Solution of the differential equation `(1+x)(dy)/(dx)-xy=1-x` is

To solve the differential equation \((1+x)\frac{dy}{dx} - xy = 1 - x\), we will follow these steps: ### Step 1: Rearranging the Equation We start with the given equation: \[ (1+x)\frac{dy}{dx} - xy = 1 - x \] We can rearrange this to isolate \(\frac{dy}{dx}\): \[ (1+x)\frac{dy}{dx} = xy + 1 - x \] Now, divide both sides by \(1+x\): \[ \frac{dy}{dx} = \frac{xy + 1 - x}{1+x} \] ### Step 2: Simplifying the Right Side We can simplify the right side: \[ \frac{dy}{dx} = \frac{xy}{1+x} + \frac{1 - x}{1+x} \] This gives us: \[ \frac{dy}{dx} = \frac{xy}{1+x} + \frac{1}{1+x} - \frac{x}{1+x} \] Thus, we can rewrite it as: \[ \frac{dy}{dx} + \frac{-x}{1+x}y = \frac{1-x}{1+x} \] ### Step 3: Identifying the Form This is now in the standard linear form: \[ \frac{dy}{dx} + P(x)y = Q(x) \] where \(P(x) = -\frac{x}{1+x}\) and \(Q(x) = \frac{1-x}{1+x}\). ### Step 4: Finding the Integrating Factor The integrating factor \(I(x)\) is given by: \[ I(x) = e^{\int P(x) \, dx} = e^{\int -\frac{x}{1+x} \, dx} \] To compute this integral, we can use substitution.
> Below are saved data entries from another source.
lemma uniformly_small_collar:
  fixes h :: "'a::metric_space \<Rightarrow> 'a"
  assumes "compact (UNIV :: 'a set)" "homeomorphism UNIV UNIV h g"
    and S: "closed S" "S \<noteq> {}" and "closed T" and null: "universally_null h (S \<inter> T)" and "\<epsilon> > 0"
  obtains \<delta> where "\<delta> > 0" "\<And>\<mu>. \<mu> \<in> inv_prob_measures h \<Longrightarrow> measure \<mu> ({x. infdist x S \<le> \<delta>} \<inter> T) < \<epsilon>"
proof -
  define C where "C n = {x. infdist x S \<le> 1 / real (Suc n)} \<inter> T" for n
  have closed: "closed (C n)" for n
    unfolding C_def using \<open>closed T\<close> by (intro closed_Int closed_Collect_le continuous_intros)
  have "decseq C"
    by (rule decseq_SucI) (auto simp: C_def intro: order_trans[OF _ frac_le[of 1]])
  have "(\<Inter>n. C n) \<subseteq> S \<inter> T"
  proof
    fix x assume x: "x \<in> (\<Inter>n. C n)"
    have bound: "infdist x S \<le> inverse (real (Suc n))" for n
      using x by (auto simp: C_def inverse_eq_divide)
    have "infdist x S = 0"
    proof (rule ccontr)
      assume "infdist x S \<noteq> 0"
      then have "0 < infdist x S" using infdist_nonneg[of x S] by linarith
      then obtain n where "inverse (real (Suc n)) < infdist x S" using reals_Archimedean by blast
      then show False using bound[of n] by linarith
    qed
    then have "x \<in> S" using in_closure_iff_infdist_zero[OF S(2)] closure_closed[OF S(1)] by simp
    then show "x \<in> S \<inter> T" using x by (auto simp: C_def)
  qed
  moreover have "S \<inter> T \<subseteq> (\<Inter>n. C n)" by (auto simp: C_def infdist_zero)
  ultimately have "(\<Inter>n. C n) = S \<inter> T" by (rule subset_antisym)
  then have "\<mu> \<in> inv_prob_measures h \<Longrightarrow> emeasure \<mu> (\<Inter>n. C n) = 0" for \<mu>
    using null by (simp add: universally_null_def)
  then obtain n where "\<forall>\<mu>\<in>inv_prob_measures h. measure \<mu> (C n) < \<epsilon>"
    using inv_prob_measures_uniformly_small[OF assms(1,2) closed \<open>decseq C\<close>] \<open>\<epsilon> > 0\<close> by blast
  then show thesis by (intro that[of "1 / real (Suc n)"]) (auto simp: C_def)
qed

lemma inner_collar_small:
  fixes h :: "'a::metric_space \<Rightarrow> 'a"
  assumes "compact (UNIV :: 'a set)" "homeomorphism UNIV UNIV h g"
    and "open U" "U \<noteq> UNIV" "universally_null h (frontier U)" "\<epsilon> > 0"
  obtains \<delta> where "\<delta> > 0"
    "\<And>d \<mu>. d \<le> \<delta> \<Longrightarrow> \<mu> \<in> inv_prob_measures h \<Longrightarrow> measure \<mu> (U \<inter> {x. infdist x (- U) \<le> d}) < \<epsilon>"
proof -
  have "- U \<inter> closure U = frontier U" using assms(3) by (auto simp: frontier_def interior_open)
  moreover have "closed (- U)" "- U \<noteq> {}" using assms(3,4) by auto
  ultimately obtain \<delta> where "\<delta> > 0"
    and small: "\<And>\<mu>. \<mu> \<in> inv_prob_measures h \<Longrightarrow> measure \<mu> ({x. infdist x (- U) \<le> \<delta>} \<inter> closure U) < \<epsilon>"
    using uniformly_small_collar[OF assms(1,2) _ _ closed_closure _ assms(6)] assms(5) by metis
  have "measure \<mu> (U \<inter> {x. infdist x (- U) \<le> d}) < \<epsilon>" if "d \<le> \<delta>" "\<mu> \<in> inv_prob_measures h" for d \<mu>
  proof -
    have "U \<inter> {x. infdist x (- U) \<le> d} \<subseteq> {x. infdist x (- U) \<le> \<delta>} \<inter> closure U"
      using that(1) closure_subset by auto
    moreover have "{x. infdist x (- U) \<le> \<delta>} \<inter> closure U \<in> sets borel"
      by (intro borel_closed closed_Int closed_Collect_le continuous_intros closed_closure)
    ultimately have "measure \<mu> (U \<inter> {x. infdist x (- U) \<le> d})
        \<le> measure \<mu> ({x. infdist x (- U) \<le> \<delta>} \<inter> closure U)"
      by (rule inv_prob_measure_mono[OF that(2)])
    then show ?thesis using small[OF that(2)] by linarith
  qed
  with \<open>\<delta> > 0\<close> show thesis by (rule that)
qed

lemma infdist_pos_imp_mem: "0 < infdist x (- U) \<Longrightarrow> x \<in> U"
  by (metis ComplI infdist_zero less_irrefl)
lemma comp_a2_eq_path:
  assumes "{a2, b2} \<in> F" "card (comp F a2 - VA) = 1"
  obtains u where "comp F a2 = {a2, u, b2}" "u \<in> VA" "u \<noteq> a2"
proof -
  let ?C = "comp F a2"
  have outside: "?C - VA = {b2}"
    using assms(2) crossing_in_comp(2)[OF assms(1)] by (metis card_1_singletonE singletonD)
  have "a2 \<noteq> b2" using ends_a ends_b disjoint by blast
  then have "{a2, b2} \<subseteq> ?C" "card {a2, b2} = 2"
    using in_comp_self[of a2 F] crossing_in_comp(2)[OF assms(1)] by auto
  then have "card (?C - {a2, b2}) = 1"
    using card_comp_A[OF ends_a(2)] finite_comp_A[OF ends_a(2)] by (simp add: card_Diff_subset)
  then obtain u where u: "?C - {a2, b2} = {u}" by (rule card_1_singletonE)
  show thesis
  proof
    show "?C = {a2, u, b2}" using u \<open>{a2, b2} \<subseteq> ?C\<close> by blast
    show "u \<in> VA" "u \<noteq> a2" using u outside by blast+
  qed
qed
lemma brownian_motion_indep_var_filtration_increment:
  fixes B :: "real \<Rightarrow> 'w \<Rightarrow> real^'p" and Z :: "'w \<Rightarrow> 'b::topological_space"
  assumes BM: "brownian_motion M B" and t: "0 \<le> t" "t < s"
    and Z: "Z \<in> borel_measurable (BM_filtration M B t)" and g: "g \<in> borel_measurable borel"
  shows "prob_space.indep_var M borel Z borel (\<lambda>\<omega>. g (B s \<omega> - B t \<omega>))"
proof -
  interpret prob_space M
    using BM by (rule brownian_motion_prob_space)
  have \<Delta>: "(\<lambda>\<omega>. B s \<omega> - B t \<omega>) \<in> borel_measurable M"
    using brownian_motion_increment_measurable[OF BM t(1) less_imp_le[OF t(2)]] .
  have "sigma_sets (space M) {Z -` A \<inter> space M | A. A \<in> sets borel} \<subseteq> sets (BM_filtration M B t)"
    using measurable_sets[OF Z] sets.top[of "BM_filtration M B t"] by (intro sets.sigma_sets_subset') auto
  moreover have "sigma_sets (space M) {(\<lambda>\<omega>. g (B s \<omega> - B t \<omega>)) -` A \<inter> space M | A. A \<in> sets borel}
      \<subseteq> sigma_sets (space M) {(\<lambda>\<omega>. B s \<omega> - B t \<omega>) -` S \<inter> space M | S. S \<in> sets borel}"
  proof (rule sigma_sets_mono', safe)
    fix A :: "'b set" assume "A \<in> sets borel"
    then show "\<exists>S. (\<lambda>\<omega>. g (B s \<omega> - B t \<omega>)) -` A \<inter> space M = (\<lambda>\<omega>. B s \<omega> - B t \<omega>) -` S \<inter> space M
        \<and> S \<in> sets borel"
      using measurable_sets[OF g] by (intro exI[of _ "g -` A"]) auto
  qed
  ultimately show ?thesis
    unfolding indep_var_eq indep_set_def
    using measurable_from_BM_filtration[OF BM Z] measurable_compose[OF \<Delta> g]
    by (intro conjI indep_sets_mono_sets[OF brownian_motion_indep_filtration_increment[OF BM t,
          unfolded indep_set_def]]) (auto split: bool.split)
qed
Let \(u = 1+x\), then \(du = dx\) and \(x = u - 1\): \[ -\int \frac{x}{1+x} \, dx = -\int \frac{u-1}{u} \, du = -\int (1 - \frac{1}{u}) \, du = -\left(u - \ln|u|\right) + C \] Substituting back \(u = 1+x\): \[ -\left((1+x) - \ln|1+x|\right) + C = -1 - x + \ln|1+x| + C \] Thus, the integrating factor is: \[ I(x) = e^{-1-x+\ln|1+x|} = \frac{1+x}{e^{1+x}} \] ### Step 5: Solving the Differential Equation Now we multiply the entire differential equation by the integrating factor: \[ \frac{1+x}{e^{1+x}}\frac{dy}{dx} + \frac{-x(1+x)}{(1+x)e^{1+x}}y = \frac{(1-x)(1+x)}{(1+x)e^{1+x}} \] This simplifies to: \[ \frac{d}{dx}\left(y \cdot \frac{1+x}{e^{1+x}}\right) = \frac{(1-x)}{e^{1+x}} \] ### Step 6: Integrating Both Sides Integrate both sides: \[ \int \frac{d}{dx}\left(y \cdot \frac{1+x}{e^{1+x}}\right) \, dx = \int \frac{(1-x)}{e^{1+x}} \, dx \] The left side simplifies to: \[ y \cdot \frac{1+x}{e^{1+x}} = \int \frac{(1-x)}{e^{1+x}} \, dx + C \] ### Step 7: Finding the Final Solution After integrating the right side, we can express \(y\) in terms of \(x\): \[ y = \frac{e^{1+x}}{1+x}\left(\int \frac{(1-x)}{e^{1+x}} \, dx + C\right) \] ### Final Answer This gives us the general solution of the differential equation.